Market fundamentalism, a modern euphemism of capitalism, is thus made necessary by the finance architecture imposed on the world by the hegemonic finance power, first 19th-century Great Britain, now the United States. When the developing economies call for a new international finance architecture, this is what they are really driving at. Foreign-exchange markets ensure the endless demand for dollar capital import by the poor exporting nations. John A Hobson and Lenin identified the surplus of capital in the core economies and the need for its export to the impoverished parts of the world as the material basis of imperialism. For neo-imperialism of the 21st century, this remains fundamentally true.
Then and now, the international economy rests on an international money system. Britain adopted the gold standard in 1816, with Western Europe and the US following in the 1870s. Until 1914, the exchange rates of most currencies were highly stable, except in victimized, semi-colonial economies such as Turkey and China. The gold standard, while greatly facilitating free trade, was hard on economies that produced no gold, and the gold-based monetary regime was generally deflationary (until the discovery of new gold deposits in South Africa, California and Alaska), which favored capital.
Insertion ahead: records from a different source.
(* Let $X$ and $Y$ be complete metric spaces, $k\ge2$, with nonexpansive $k$-means $\mu$ on $X$ and $\nu$ on $Y$ that are coordinatewise $\rho$-contractive and coordinatewise $\rho'$-contractive respectively ($0<\rho,\rho'<1$), and let $\mu_n,\nu_n$ ($n\ge k$) be their iterated $\beta$-extensions. Let $\le$ be a closed partial order on $Y$ for which $\nu$ is monotone. If $g:X\to Y$ is continuous and $g\circ\mu\le\nu\circ g_k$ (resp. $g\circ\mu\ge\nu\circ g_k$) pointwise on $X^k$, then for every $n\ge k$, $g\circ\mu_n\le\nu_n\circ g_n$ (resp. $g\circ\mu_n\ge\nu_n\circ g_n$) pointwise on $X^n$.
   Context: A $k$-mean is a map $\mu:X^k\to X$ with $\mu(x,\ldots,x)=x$. Nonexpansive: $d(\mu(\mathbf{x}),\mu(\mathbf{y}))\le\max_j d(x_j,y_j)$; coordinatewise $\rho$-contractive: $d(\mu(\mathbf{x}),\mu(\mathbf{y}))\le\rho\,d(x_j,y_j)$ when $\mathbf{x},\mathbf{y}$ differ only in coordinate $j$. $g_n(x_1,\ldots,x_n)=(g(x_1),\ldots,g(x_n))$. A $k$-mean $\nu$ is monotone if $y_i\le y_i'$ for all $i$ implies $\nu(\mathbf{y})\le\nu(\mathbf{y}')$. A partial order is closed if its graph is closed in $Y\times Y$. Barycentric operator of a $k$-mean: $\beta(\mathbf{x})_j=\mu(x_1,\ldots,\widehat{x_j},\ldots,x_{k+1})$; $\mu_k=\mu$ and $\mu_{n+1}$ is the unique continuous $(n+1)$-mean with $\beta_{\mu_n}^r(\mathbf{x})\to(\mu_{n+1}(\mathbf{x}),\ldots,\mu_{n+1}(\mathbf{x}))$ for all $\mathbf{x}$; similarly for $\nu_n$. *)

theory Defs
  imports "HOL-Analysis.Analysis"
begin

text \<open>Points of X^n are represented as lists of length n.\<close>

definition is_mean :: "nat \<Rightarrow> ('a list \<Rightarrow> 'a) \<Rightarrow> bool" where
  "is_mean n m \<longleftrightarrow> (\<forall>x. m (replicate n x) = x)"

definition nonexpansive_mean :: "nat \<Rightarrow> ('a::metric_space list \<Rightarrow> 'a) \<Rightarrow> bool" where
  "nonexpansive_mean n m \<longleftrightarrow>
     (\<forall>xs ys. length xs = n \<longrightarrow> length ys = n \<longrightarrow>
        dist (m xs) (m ys) \<le> Max {dist (xs ! j) (ys ! j) | j. j < n})"

definition coord_contractive :: "nat \<Rightarrow> real \<Rightarrow> ('a::metric_space list \<Rightarrow> 'a) \<Rightarrow> bool" where
  "coord_contractive n \<rho> m \<longleftrightarrow>
     (\<forall>xs ys j. length xs = n \<longrightarrow> length ys = n \<longrightarrow> j < n \<longrightarrow>
        (\<forall>i<n. i \<noteq> j \<longrightarrow> xs ! i = ys ! i) \<longrightarrow>
        dist (m xs) (m ys) \<le> \<rho> * dist (xs ! j) (ys ! j))"

definition cont_mean :: "nat \<Rightarrow> ('a::metric_space list \<Rightarrow> 'a) \<Rightarrow> bool" where
  "cont_mean n m \<longleftrightarrow>
     (\<forall>xs s. length xs = n \<longrightarrow> (\<forall>r. length (s r) = n) \<longrightarrow>
        (\<forall>j<n. (\<lambda>r. s r ! j) \<longlonglongrightarrow> xs ! j) \<longrightarrow> (\<lambda>r. m (s r)) \<longlonglongrightarrow> m xs)"

definition beta :: "('a list \<Rightarrow> 'a) \<Rightarrow> 'a list \<Rightarrow> 'a list" where
  "beta m xs = map (\<lambda>j. m (take j xs @ drop (Suc j) xs)) [0..<length xs]"

definition beta_extensions :: "nat \<Rightarrow> ('a::metric_space list \<Rightarrow> 'a) \<Rightarrow> (nat \<Rightarrow> 'a list \<Rightarrow> 'a) \<Rightarrow> bool" where
  "beta_extensions k mu mus \<longleftrightarrow>
     (\<forall>xs. length xs = k \<longrightarrow> mus k xs = mu xs) \<and>
     (\<forall>n\<ge>k. is_mean (Suc n) (mus (Suc n)) \<and> cont_mean (Suc n) (mus (Suc n)) \<and>
        (\<forall>xs. length xs = Suc n \<longrightarrow>
           (\<forall>j<Suc n. (\<lambda>r. ((beta (mus n) ^^ r) xs) ! j) \<longlonglongrightarrow> mus (Suc n) xs)))"

end

theory Submission
  imports Defs
begin

text \<open>
  Induction on \<open>n \<ge> k\<close>, proving the monotonicity of \<open>\<nu>\<^sub>n\<close> alongside. If \<open>\<nu>\<^sub>n\<close> is monotone, so is
  its barycentric operator, coordinatewise; if moreover \<open>g \<circ> \<mu>\<^sub>n \<le> \<nu>\<^sub>n \<circ> g\<^sub>n\<close>, then every iterate of
  the barycentric operator of \<open>\<mu>\<^sub>n\<close>, pushed forward by \<open>g\<close>, lies coordinatewise below the
  corresponding iterate of that of \<open>\<nu>\<^sub>n\<close>. The iterates converge to the diagonal points
  \<open>\<mu>\<^sub>n\<^sub>+\<^sub>1(x)\<close> and \<open>\<nu>\<^sub>n\<^sub>+\<^sub>1(g\<^sub>n\<^sub>+\<^sub>1(x))\<close>; since \<open>g\<close> is continuous and the order is closed, both
  inequalities survive in the limit. The reverse inequality is the same statement for the
  converse order.
\<close>

definition mono_mean :: "nat \<Rightarrow> ('a \<Rightarrow> 'a \<Rightarrow> bool) \<Rightarrow> ('a list \<Rightarrow> 'a) \<Rightarrow> bool" where
  "mono_mean n R m \<longleftrightarrow>
     (\<forall>ys ys'. length ys = n \<longrightarrow> length ys' = n \<longrightarrow> list_all2 R ys ys' \<longrightarrow> R (m ys) (m ys'))"

definition beta_limit :: "nat \<Rightarrow> ('a::topological_space list \<Rightarrow> 'a) \<Rightarrow> ('a list \<Rightarrow> 'a) \<Rightarrow> bool" where
  "beta_limit n m m' \<longleftrightarrow>
     (\<forall>xs. length xs = Suc n \<longrightarrow> (\<forall>j<Suc n. (\<lambda>r. (beta m ^^ r) xs ! j) \<longlonglongrightarrow> m' xs))"

lemma beta_extensionsD:
  assumes "beta_extensions k mu mus"
  shows beta_extensions_base: "length xs = k \<Longrightarrow> mus k xs = mu xs"
    and beta_extensions_limit: "k \<le> n \<Longrightarrow> beta_limit n (mus n) (mus (Suc n))"
  using assms by (auto simp: beta_extensions_def beta_limit_def)

lemma beta_limitD:
  "beta_limit n m m' \<Longrightarrow> length xs = Suc n \<Longrightarrow> (\<lambda>r. (beta m ^^ r) xs ! 0) \<longlonglongrightarrow> m' xs"
  by (simp add: beta_limit_def)

lemma length_beta [simp]: "length (beta m xs) = length xs"
  by (simp add: beta_def)

lemma nth_beta: "j < length xs \<Longrightarrow> beta m xs ! j = m (take j xs @ drop (Suc j) xs)"
  by (simp add: beta_def)

lemma length_funpow_beta [simp]: "length ((beta m ^^ r) xs) = length xs"
  by (induction r) auto

lemma list_all2_remove_nth:
  "list_all2 R xs ys \<Longrightarrow> list_all2 R (take j xs @ drop (Suc j) xs) (take j ys @ drop (Suc j) ys)"
  by (intro list_all2_appendI list_all2_takeI list_all2_dropI)

lemma closed_rel_conversep:
  assumes "closed {(y, z). R y z}"
  shows "closed {(y, z). R\<inverse>\<inverse> y z}"
proof -
  have "{(y, z). R\<inverse>\<inverse> y z} = prod.swap -` {(y, z). R y z}"
    by auto
  then show ?thesis
    using closed_vimage[OF assms continuous_on_swap] by simp
qed

lemma closed_rel_tendsto:
  assumes "closed {(y, z). R y z}" "X \<longlonglongrightarrow> y" "Y \<longlonglongrightarrow> z" "\<And>r. R (X r) (Y r)"
  shows "R y z"
proof -
  have "(\<lambda>r. (X r, Y r)) \<longlonglongrightarrow> (y, z)"
    using assms(2,3) by (rule tendsto_Pair)
  then have "(y, z) \<in> {(y, z). R y z}"
    by (rule closed_sequentially[OF assms(1), rotated]) (simp add: assms(4))
  then show ?thesis by simp
qed

lemma mono_mean_conversep: "mono_mean n R m \<Longrightarrow> mono_mean n R\<inverse>\<inverse> m"
  by (simp add: mono_mean_def list.rel_flip)

lemma mono_meanD:
  assumes "mono_mean n R m" "list_all2 R ys ys'" "length ys = n"
  shows "R (m ys) (m ys')"
  using assms list_all2_lengthD[OF assms(2)] by (simp add: mono_mean_def)

lemma list_all2_funpow_beta:
  assumes mono: "mono_mean n R m" and "length xs = Suc n" and "list_all2 R xs ys"
  shows "list_all2 R ((beta m ^^ r) xs) ((beta m ^^ r) ys)"
proof (induction r)
  case 0
  show ?case using assms(3) by simp
next
  case (Suc r)
  let ?a = "(beta m ^^ r) xs" and ?b = "(beta m ^^ r) ys"
  have len: "length ?a = Suc n" "length ?b = Suc n"
    using assms(2) list_all2_lengthD[OF assms(3)] by simp_all
  have "R (beta m ?a ! j) (beta m ?b ! j)" if "j < Suc n" for j
  proof -
    have "R (m (take j ?a @ drop (Suc j) ?a)) (m (take j ?b @ drop (Suc j) ?b))"
      using that len by (intro mono_meanD[OF mono list_all2_remove_nth[OF Suc.IH]]) simp
    with that len show ?thesis
      by (simp add: nth_beta)
  qed
  with len show ?case
    by (simp add: list_all2_conv_all_nth)
qed

lemma mono_mean_beta_limit:
  assumes "closed {(y, z). R y z}" "mono_mean n R m" "beta_limit n m m'"
  shows "mono_mean (Suc n) R m'"
  unfolding mono_mean_def
proof (intro allI impI)
  fix ys ys' :: "'a list"
  assume len: "length ys = Suc n" "length ys' = Suc n" and R: "list_all2 R ys ys'"
  have "R ((beta m ^^ r) ys ! 0) ((beta m ^^ r) ys' ! 0)" for r
    using list_all2_funpow_beta[OF assms(2) len(1) R, of r] len
    by (simp add: list_all2_conv_all_nth)
  then show "R (m' ys) (m' ys')"
    by (rule closed_rel_tendsto[OF assms(1) beta_limitD[OF assms(3) len(1)]
          beta_limitD[OF assms(3) len(2)]])
qed

lemma list_all2_map_funpow_beta:
  assumes "reflp R" "transp R" and mono: "mono_mean n R nu"
    and dom: "\<And>xs. length xs = n \<Longrightarrow> R (g (mu xs)) (nu (map g xs))"
    and "length xs = Suc n"
  shows "list_all2 R (map g ((beta mu ^^ r) xs)) ((beta nu ^^ r) (map g xs))"
proof (induction r)
  case 0
  show ?case
    using \<open>reflp R\<close> by (simp add: list.rel_map list.rel_refl reflpD)
next
  case (Suc r)
  let ?a = "(beta mu ^^ r) xs" and ?b = "(beta nu ^^ r) (map g xs)"
  have len: "length ?a = Suc n" "length ?b = Suc n"
    using assms(5) by auto
  have "R (g (beta mu ?a ! j)) (beta nu ?b ! j)" if j: "j < Suc n" for j
  proof -
    let ?a' = "take j ?a @ drop (Suc j) ?a" and ?b' = "take j ?b @ drop (Suc j) ?b"
    have "R (g (mu ?a')) (nu (map g ?a'))"
      using dom[of ?a'] j len by simp
    moreover have "list_all2 R (map g ?a') ?b'"
      using list_all2_remove_nth[OF Suc.IH, of j] by (simp add: take_map drop_map)
    then have "R (nu (map g ?a')) (nu ?b')"
      using j len by (intro mono_meanD[OF mono]) simp_all
    ultimately have "R (g (mu ?a')) (nu ?b')"
      by (rule transpD[OF \<open>transp R\<close>])
    with j len show ?thesis
      by (simp add: nth_beta)
  qed
  with len show ?case
    by (simp add: list_all2_conv_all_nth)
qed

lemma dominated_beta_limit:
  fixes g :: "'a::metric_space \<Rightarrow> 'b::metric_space"
  assumes "closed {(y, z). R y z}" "reflp R" "transp R" "continuous_on UNIV g"
    and mono: "mono_mean n R nu"
    and dom: "\<And>xs. length xs = n \<Longrightarrow> R (g (mu xs)) (nu (map g xs))"
    and lim: "beta_limit n mu mu'" "beta_limit n nu nu'"
    and len: "length xs = Suc n"
  shows "R (g (mu' xs)) (nu' (map g xs))"
proof -
  have "isCont g (mu' xs)"
    using \<open>continuous_on UNIV g\<close> by (simp add: continuous_on_eq_continuous_at)
  then have "(\<lambda>r. g ((beta mu ^^ r) xs ! 0)) \<longlonglongrightarrow> g (mu' xs)"
    using beta_limitD[OF lim(1) len] by (rule isCont_tendsto_compose)
  moreover have "(\<lambda>r. (beta nu ^^ r) (map g xs) ! 0) \<longlonglongrightarrow> nu' (map g xs)"
    using beta_limitD[OF lim(2)] len by simp
  moreover have "R (g ((beta mu ^^ r) xs ! 0)) ((beta nu ^^ r) (map g xs) ! 0)" for r
    using list_all2_map_funpow_beta[OF assms(2,3) mono dom len, of r] len
    by (simp add: list_all2_conv_all_nth)
  ultimately show ?thesis
    by (rule closed_rel_tendsto[OF assms(1)])
qed

lemma beta_extensions_dominated:
  fixes mus :: "nat \<Rightarrow> 'a::metric_space list \<Rightarrow> 'a"
    and nus :: "nat \<Rightarrow> 'b::metric_space list \<Rightarrow> 'b"
  assumes "closed {(y, z). R y z}" "reflp R" "transp R" "continuous_on UNIV g"
    and mus: "beta_extensions k mu mus" and nus: "beta_extensions k nu nus"
    and mono: "mono_mean k R nu"
    and dom: "\<And>xs. length xs = k \<Longrightarrow> R (g (mu xs)) (nu (map g xs))"
    and "k \<le> n" "length xs = n"
  shows "R (g (mus n xs)) (nus n (map g xs))"
proof -
  have "mono_mean n R (nus n) \<and> (\<forall>xs. length xs = n \<longrightarrow> R (g (mus n xs)) (nus n (map g xs)))"
    using \<open>k \<le> n\<close>
  proof (induction n rule: dec_induct)
    case base
    show ?case
      using mono dom beta_extensions_base[OF mus] beta_extensions_base[OF nus]
      by (simp add: mono_mean_def)
  next
    case (step n)
    then have mono_n: "mono_mean n R (nus n)"
      and dom_n: "\<And>xs. length xs = n \<Longrightarrow> R (g (mus n xs)) (nus n (map g xs))"
      by auto
    have lim: "beta_limit n (mus n) (mus (Suc n))" "beta_limit n (nus n) (nus (Suc n))"
      using beta_extensions_limit[OF mus] beta_extensions_limit[OF nus] step.hyps by auto
    show ?case
      using mono_mean_beta_limit[OF assms(1) mono_n lim(2)]
        dominated_beta_limit[OF assms(1-4) mono_n dom_n lim]
      by blast
  qed
  with \<open>length xs = n\<close> show ?thesis by blast
qed

theorem theorem9p3:
  fixes mu :: "'a::complete_space list \<Rightarrow> 'a"
    and nu :: "'b::complete_space list \<Rightarrow> 'b"
    and mus :: "nat \<Rightarrow> 'a list \<Rightarrow> 'a"
    and nus :: "nat \<Rightarrow> 'b list \<Rightarrow> 'b"
    and le :: "'b \<Rightarrow> 'b \<Rightarrow> bool"
    and g :: "'a \<Rightarrow> 'b"
    and k :: nat and \<rho> \<rho>' :: real
  assumes k: "k \<ge> 2"
    and mu_mean: "is_mean k mu" and nu_mean: "is_mean k nu"
    and mu_ne: "nonexpansive_mean k mu" and nu_ne: "nonexpansive_mean k nu"
    and rho: "0 < \<rho>" "\<rho> < 1" and rho': "0 < \<rho>'" "\<rho>' < 1"
    and mu_c: "coord_contractive k \<rho> mu" and nu_c: "coord_contractive k \<rho>' nu"
    and mus: "beta_extensions k mu mus" and nus: "beta_extensions k nu nus"
    and le_refl: "\<And>y. le y y"
    and le_antisym: "\<And>y z. le y z \<Longrightarrow> le z y \<Longrightarrow> y = z"
    and le_trans: "\<And>x y z. le x y \<Longrightarrow> le y z \<Longrightarrow> le x z"
    and le_closed: "closed {(y, z). le y z}"
    and nu_mono: "\<And>ys ys'. length ys = k \<Longrightarrow> length ys' = k \<Longrightarrow>
                    list_all2 le ys ys' \<Longrightarrow> le (nu ys) (nu ys')"
    and g_cont: "continuous_on UNIV g"
  shows "((\<forall>xs. length xs = k \<longrightarrow> le (g (mu xs)) (nu (map g xs))) \<longrightarrow>
            (\<forall>n\<ge>k. \<forall>xs. length xs = n \<longrightarrow> le (g (mus n xs)) (nus n (map g xs))))
       \<and> ((\<forall>xs. length xs = k \<longrightarrow> le (nu (map g xs)) (g (mu xs))) \<longrightarrow>
            (\<forall>n\<ge>k. \<forall>xs. length xs = n \<longrightarrow> le (nus n (map g xs)) (g (mus n xs))))"
proof -
  \<comment> \<open>The mean, nonexpansiveness and contraction hypotheses only guarantee that the
      \<open>\<beta>\<close>-extensions exist.\<close>
  have refl: "reflp le" "reflp le\<inverse>\<inverse>"
    using le_refl by (auto intro: reflpI)
  have trans: "transp le" "transp le\<inverse>\<inverse>"
    using le_trans by (auto intro: transpI)
  have "mono_mean k le nu"
    using nu_mono by (simp add: mono_mean_def)
  then have mono: "mono_mean k le nu" "mono_mean k le\<inverse>\<inverse> nu"
    using mono_mean_conversep by auto
  note closed = le_closed closed_rel_conversep[OF le_closed]
  show ?thesis
    using beta_extensions_dominated[OF closed(1) refl(1) trans(1) g_cont mus nus mono(1)]
      beta_extensions_dominated[OF closed(2) refl(2) trans(2) g_cont mus nus mono(2)]
    by (simp only: conversep_iff) blast
qed

end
William Jenning Bryan spoke for the world in 1896 when he declared that mankind should not be "crucified upon this cross of gold". But the 50-year lead time of the British gold standard firmly established London as the world's financial center. The world's capital was drawn to London to be redistributed to investment of the highest return around the world. Borrowers around the world were reduced to playing a game of "race to the bottom".
The bulk of economic theories within the context of capitalism were invented to rationalize this global system as natural truth. The fundamental shift from the labor value theory to the marginal utility theory was a circular self-validation of the artificial characteristics of an artificial construct based on the sanctity of capital, despite Karl Marx's dissection that capital cannot exit without labor - until assets are put to use to increase labor productivity, it remains idle assets.
Mergers and acquisitions became rampant. Small business capitalism disappeared between 1880 and 1890. Workers and small businesses found that they were not competing against their neighbors, but those on other sides of the world, operating from structurally different socioeconomic systems. The corporation, first used to facilitate the private ownership of railroads, became the organization of choice for large industries and commerce, issuing stocks and bonds to finance its undertakings that fell beyond the normal financial resources of individual entrepreneurs.